Stored data entries.
--- --- ---
lemma l2_inner_pair_vector_sq_le:
  assumes "x \<in> l2" and "p \<noteq> q"
  shows "(l2_inner x (pair_vector c p q))\<^sup>2 \<le> 2 * c\<^sup>2 * (l2_norm x)\<^sup>2"
proof -
  have "(x p + x q)\<^sup>2 \<le> 2 * ((x p)\<^sup>2 + (x q)\<^sup>2)"
    using sum_squares_ge_zero[of "x p - x q" 0] by (simp add: power2_eq_square algebra_simps)
  also have "\<dots> \<le> 2 * (l2_norm x)\<^sup>2"
    using sum_sq_le_l2_norm_sq[OF assms(1), of "{p, q}"] assms(2) by simp
  finally have "c\<^sup>2 * (x p + x q)\<^sup>2 \<le> c\<^sup>2 * (2 * (l2_norm x)\<^sup>2)"
    by (simp add: mult_left_mono)
  then show ?thesis
    using assms(2) by (simp add: l2_inner_pair_vector power_mult_distrib)
qed

lemma funpow_right_shift: "(right_shift ^^ i) v n = (if i \<le> n then v (n - i) else 0)"
proof (induction i arbitrary: n)
  case 0
  then show ?case by simp
next
  case (Suc i)
  then show ?case by (cases n) (auto simp: right_shift_def)
qed

lemma frameX_Inl: "frameX a (Inl i) = l2_basis i"
  by (simp add: frameX_def)

lemma frameX_Inr: "frameX a (Inr (i, k)) = pair_vector ((1/2)^i * a k) i (Suc (i + k))"
  by (auto simp: frameX_def xvec_def pair_vector_def funpow_right_shift l2_basis_def fun_eq_iff)

lemma has_sum_Plus_UNIV:
  fixes g :: "'a + 'b \<Rightarrow> 'c::topological_comm_monoid_add"
  assumes "((g \<circ> Inl) has_sum s) UNIV" and "((g \<circ> Inr) has_sum t) UNIV"
  shows "(g has_sum (s + t)) UNIV"
proof -
  have "(g has_sum (s + t)) (range Inl \<union> range Inr)"
    using assms by (intro has_sum_Un_disjoint) (auto simp: has_sum_reindex)
  moreover have "range Inl \<union> range Inr = (UNIV :: ('a + 'b) set)"
    using UNIV_Plus_UNIV by (simp add: Plus_def)
  ultimately show ?thesis
    by simp
qed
--- --- ---
Assignment. Where the string "range" occurs in a line above, count that line, and report solely the final figure.

Result for this task. 2